7. Scénario d'exposition

Non professionnel

8. Comment l'exposition s'est-elle produite? (cocher tout ce qui s'applique)

Application

9.Si l'exposition s'est produite lors du traitement ou au moment du retour dans la zone traitée, de l'équipement de protection individuelle était-il porté? (cocher tout ce qui s'applique)

Inconnu

10. Voie(s) d'exposition.

Peau

11.Durée de l'exposition?

Unknown / Inconnu

12.Temps écoulé entre l'exposition et l'apparition des symptômes.

>2 hrs <=8 hrs / > 2 h < = 8 h

13.Donner tout détail additionnel au sujet de l'incident (p.ex. description des symptômes tels que la fréquence et la gravité, type de soins médicaux, résultats des tests médicaux, quantité de pesticide à laquelle la personne a été exposée, etc.)

Approximately 8 hours post exposure, the individual felt confused, was ataxic, collapsed, fainted (syncope), and had numbness of her fingers. The individual was not evaluated by a physician.

À être déterminé par le titulaire

14. Classification selon la gravité.

Majeure

15. Donner des renseignements additionnels ici.

Unclear whether direct or indirect exposure of the product is occurred. Reported neurological signs, collapse and fainting are not expected after exposure to the product. Numbness might be a consequence of fainting.

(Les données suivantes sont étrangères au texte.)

(* Let $d_{\ell-1},d_\ell,d_{\ell+1}\ge 2$ and let $r_\ell\ge 2$ be an integer with $$r_\ell\ \ge\ 2\left\lceil\frac{2d_\ell-\min(d_\ell,d_{\ell+1})}{2\min(d_\ell,d_{\ell-1})-2}\right\rceil.$$ Then the two-layer hPNN architecture $((d_{\ell-1},d_\ell,d_{\ell+1}),(r_\ell))$ is identifiable.
   Context: Work over $\mathbb R$. $\rho_r(z_1,\dots,z_d)=(z_1^r,\dots,z_d^r)$. A two-layer hPNN with architecture $((d_0,d_1,d_2),(r_1))$ and weights $(W_1,W_2)$, $W_1\in\mathbb R^{d_1\times d_0}$, $W_2\in\mathbb R^{d_2\times d_1}$, is the map $\mathbf x\mapsto W_2\rho_{r_1}(W_1\mathbf x)$. Weights $(W_1',W_2')$ are equivalent to $(W_1,W_2)$ if $W_1'=PDW_1$ and $W_2'=W_2D^{-r_1}P^T$ for some permutation matrix $P$ and invertible diagonal matrix $D$. The representation is unique if every weight pair of the same architecture defining the same function is equivalent to it. The architecture is identifiable if the representation is unique for all weights outside a Lebesgue-null subset of the parameter space. *)

theory Defs
  imports "HOL-Analysis.Analysis"
begin

definition rho :: "nat \<Rightarrow> real ^ 'n \<Rightarrow> real ^ 'n" where
  "rho r z = (\<chi> i. (z $ i) ^ r)"

definition hpnn2 :: "real ^ 'd0 ^ 'd1 \<Rightarrow> real ^ 'd1 ^ 'd2 \<Rightarrow> nat \<Rightarrow> real ^ 'd0 \<Rightarrow> real ^ 'd2" where
  "hpnn2 W1 W2 r x = W2 *v rho r (W1 *v x)"

definition is_perm_matrix :: "real ^ 'n ^ 'n \<Rightarrow> bool" where
  "is_perm_matrix P \<longleftrightarrow> (\<exists>\<sigma>. \<sigma> permutes (UNIV :: 'n set) \<and>
      P = (\<chi> i j. if j = \<sigma> i then 1 else 0))"

definition is_diag_matrix :: "real ^ 'n ^ 'n \<Rightarrow> bool" where
  "is_diag_matrix D \<longleftrightarrow> (\<forall>i j. i \<noteq> j \<longrightarrow> D $ i $ j = 0)"

primrec matpow :: "real ^ 'n ^ 'n \<Rightarrow> nat \<Rightarrow> real ^ 'n ^ 'n" where
  "matpow A 0 = mat 1"
| "matpow A (Suc k) = A ** matpow A k"

definition hpnn2_equiv :: "nat \<Rightarrow> real ^ 'd0 ^ 'd1 \<Rightarrow> real ^ 'd1 ^ 'd2 \<Rightarrow>
    real ^ 'd0 ^ 'd1 \<Rightarrow> real ^ 'd1 ^ 'd2 \<Rightarrow> bool" where
  "hpnn2_equiv r W1' W2' W1 W2 \<longleftrightarrow>
     (\<exists>P D. is_perm_matrix P \<and> is_diag_matrix D \<and> invertible D \<and>
        W1' = P ** D ** W1 \<and> W2' = W2 ** matpow (matrix_inv D) r ** transpose P)"

definition hpnn2_unique :: "nat \<Rightarrow> real ^ 'd0 ^ 'd1 \<Rightarrow> real ^ 'd1 ^ 'd2 \<Rightarrow> bool" where
  "hpnn2_unique r W1 W2 \<longleftrightarrow>
     (\<forall>W1' W2'. hpnn2 W1' W2' r = hpnn2 W1 W2 r \<longrightarrow> hpnn2_equiv r W1' W2' W1 W2)"

text \<open>Identifiability of architecture ((d0,d1,d2),(r)); dimensions are the cardinalities of the index types.\<close>
definition hpnn2_identifiable :: "('d0::finite) itself \<Rightarrow> ('d1::finite) itself \<Rightarrow> ('d2::finite) itself \<Rightarrow> nat \<Rightarrow> bool" where
  "hpnn2_identifiable _ _ _ r \<longleftrightarrow>
     (\<exists>N :: ((real ^ 'd0 ^ 'd1) \<times> (real ^ 'd1 ^ 'd2)) set. N \<in> null_sets lebesgue \<and>
        (\<forall>W1 W2. (W1, W2) \<notin> N \<longrightarrow> hpnn2_unique r W1 W2))"

end

(*
  Write the network componentwise as x |-> (SUM j. W2 k j * (w_j . x)^r)_k, with w_j the rows of W1
  and c_j the columns of W2. Splitting r = p + q with p = r div 2 and polarizing, two networks
  with the same function have the same trilinear form
    (u, y, z) |-> SUM j. (c_j . u) * (w_j . y)^p * (w_j . z)^q.
  For generic weights the factor family {c_j} has Kruskal rank at least min(d1, d2) and both
  power families {(w_j . -)^p}, {(w_j . -)^q} have Kruskal rank at least min(d1, (d0 - 1) p + 1):
  each rank condition fails only on the zero set of a polynomial (a Gram determinant) that an
  explicit witness shows to be nonzero. The bound on r makes these ranks add up to at least 2 d1 + 2,
  so Kruskal's uniqueness theorem determines the factors up to a common permutation and
  rescaling; matching the rescalings of the power factors yields W1' = P D W1 and
  W2' = W2 D^(-r) P^T.
*)
theory Submission
  imports Defs "HOL-Library.Function_Algebras"
begin

section \<open>Kruskal rank\<close>

definition kruskal_rank_ge :: "nat \<Rightarrow> ('r \<Rightarrow> 'a::real_vector) \<Rightarrow> bool" where
  "kruskal_rank_ge K v \<longleftrightarrow>
     (\<forall>S c. finite S \<longrightarrow> card S \<le> K \<longrightarrow> (\<Sum>r\<in>S. c r *\<^sub>R v r) = 0 \<longrightarrow> (\<forall>r\<in>S. c r = 0))"

lemma kruskal_rank_geD:
  "kruskal_rank_ge K v \<Longrightarrow> finite S \<Longrightarrow> card S \<le> K \<Longrightarrow> (\<Sum>r\<in>S. c r *\<^sub>R v r) = 0 \<Longrightarrow> r \<in> S
    \<Longrightarrow> c r = 0"
  unfolding kruskal_rank_ge_def by blast

lemma kruskal_rank_ge_pair:
  assumes "kruskal_rank_ge K v" "2 \<le> K" "s \<noteq> t" "x *\<^sub>R v s + y *\<^sub>R v t = 0"
  shows "x = 0 \<and> y = 0"
proof -
  let ?c = "\<lambda>r. if r = s then x else y"
  have "(\<Sum>r\<in>{s,t}. ?c r *\<^sub>R v r) = 0" "card {s,t} \<le> K"
    using assms(2-4) by simp_all
  then show ?thesis
    using kruskal_rank_geD[OF assms(1), of "{s,t}" ?c] assms(3) by force
qed

lemma kruskal_rank_ge_nonzero:
  assumes "kruskal_rank_ge K v" "1 \<le> K"
  shows "v r \<noteq> 0"
  using kruskal_rank_geD[OF assms(1), of "{r}" "\<lambda>_. 1" r] assms(2) by auto

lemma kruskal_rank_ge_inj_on:
  assumes "kruskal_rank_ge K v" "finite U" "card U \<le> K"
  shows "inj_on v U"
proof (rule inj_onI, rule ccontr)
  fix s t assume st: "s \<in> U" "t \<in> U" "v s = v t" "s \<noteq> t"
  have "card {s, t} \<le> card U" using st assms(2) by (intro card_mono) auto
  then have "2 \<le> K" using st(4) assms(3) by simp
  then show False using kruskal_rank_ge_pair[OF assms(1) _ st(4), of 1 "-1"] st(3) by simp
qed

lemma kruskal_rank_ge_not_in_span:
  assumes "kruskal_rank_ge K v" "finite U" "card U < K" "t \<notin> U"
  shows "v t \<notin> span (v ` U)"
proof
  assume "v t \<in> span (v ` U)"
  then obtain u where "v t = (\<Sum>w\<in>v ` U. u w *\<^sub>R w)"
    using span_finite[of "v ` U"] assms(2) by auto
  also have "\<dots> = (\<Sum>r\<in>U. u (v r) *\<^sub>R v r)"
    using kruskal_rank_ge_inj_on[OF assms(1,2)] assms(3) by (simp add: sum.reindex)
  finally have vt: "v t = (\<Sum>r\<in>U. u (v r) *\<^sub>R v r)" .
  define c where "c r = (if r = t then -1 else u (v r))" for r
  have "(\<Sum>r\<in>insert t U. c r *\<^sub>R v r) = - v t + (\<Sum>r\<in>U. c r *\<^sub>R v r)"
    using assms(2,4) by (simp add: c_def)
  also have "(\<Sum>r\<in>U. c r *\<^sub>R v r) = v t"
    unfolding vt using assms(4) by (intro sum.cong) (auto simp: c_def)
  finally have "c t = 0"
    using kruskal_rank_geD[OF assms(1), of "insert t U" c t] assms(2-4) by simp
  then show False by (simp add: c_def)
qed

lemma kruskal_rank_ge_dim_image:
  fixes v :: "'r \<Rightarrow> 'a::euclidean_space"
  assumes "kruskal_rank_ge K v" "finite U" "card U \<le> K"
  shows "dim (v ` U) = card U"
  using assms(2,3)
proof (induction U rule: finite_induct)
  case (insert t U)
  then have "v t \<notin> span (v ` U)"
    using kruskal_rank_ge_not_in_span[OF assms(1)] by simp
  then show ?case using insert by (simp add: dim_insert)
qed simp

lemma kruskal_rank_ge_dual:
  fixes v :: "'r \<Rightarrow> 'a::euclidean_space"
  assumes "kruskal_rank_ge K v" "finite U" "card U \<le> K" "s1 \<in> U"
  shows "\<exists>\<psi>. \<forall>s\<in>U. v s \<bullet> \<psi> = (if s = s1 then 1 else 0)"
proof -
  define W where "W = v ` (U - {s1})"
  have "v s1 \<notin> span W"
    unfolding W_def using assms card_Diff1_less[of U s1]
    by (intro kruskal_rank_ge_not_in_span[OF assms(1)]) auto
  moreover obtain y z where yz: "y \<in> span W" "\<And>w. w \<in> span W \<Longrightarrow> orthogonal z w" "v s1 = y + z"
    using orthogonal_subspace_decomp_exists[of W "v s1"] by blast
  ultimately have "z \<noteq> 0" by auto
  have "y \<bullet> z = 0" using yz(2)[OF yz(1)] by (simp add: orthogonal_def inner_commute)
  moreover have "v s \<bullet> z = 0" if "s \<in> U" "s \<noteq> s1" for s
    using yz(2)[of "v s"] that by (auto simp: W_def orthogonal_def inner_commute intro: span_base)
  ultimately show ?thesis
    using yz(3) \<open>z \<noteq> 0\<close> by (intro exI[of _ "z /\<^sub>R (z \<bullet> z)"]) (auto simp: inner_add_left)
qed

lemma kruskal_rank_ge_linear_image:
  assumes "kruskal_rank_ge K f" "linear E" "inj_on E (span X)" "range f \<subseteq> X"
  shows "kruskal_rank_ge K (\<lambda>r. E (f r))"
  unfolding kruskal_rank_ge_def
proof (intro allI impI)
  fix S c assume S: "finite S" "card S \<le> K" and z: "(\<Sum>r\<in>S. c r *\<^sub>R E (f r)) = 0"
  have "E (\<Sum>r\<in>S. c r *\<^sub>R f r) = E 0"
    using z by (simp add: linear_sum[OF assms(2)] linear_cmul[OF assms(2)] linear_0[OF assms(2)])
  moreover have "(\<Sum>r\<in>S. c r *\<^sub>R f r) \<in> span X"
    using assms(4) by (intro span_sum span_scale) (auto intro: span_base)
  ultimately have "(\<Sum>r\<in>S. c r *\<^sub>R f r) = 0"
    using inj_onD[OF assms(3)] span_zero by blast
  then show "\<forall>r\<in>S. c r = 0" using kruskal_rank_geD[OF assms(1) S] by blast
qed

definition coord_subspace :: "'r set \<Rightarrow> (real^'r) set" where
  "coord_subspace S = {u. \<forall>r. r \<notin> S \<longrightarrow> u $ r = 0}"

lemma subspace_coord_subspace: "subspace (coord_subspace S)"
  unfolding subspace_def coord_subspace_def by auto

lemma dim_coord_subspace: "dim (coord_subspace (S::'r::finite set)) = card S"
  using dim_substandard_cart[where 'a=real, of S] by (simp add: coord_subspace_def dim_vec_eq)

Moreover concomitant medical condition of systemic scleroderma,mixed connective tissue disease, back and neck disorders and concomitant medication may have contributed to the reported signs. Despite, time to onset seems short,considering unexpected signs, overall a product connection is unlikely. Initial assessment/causality confirmed by medical doctor.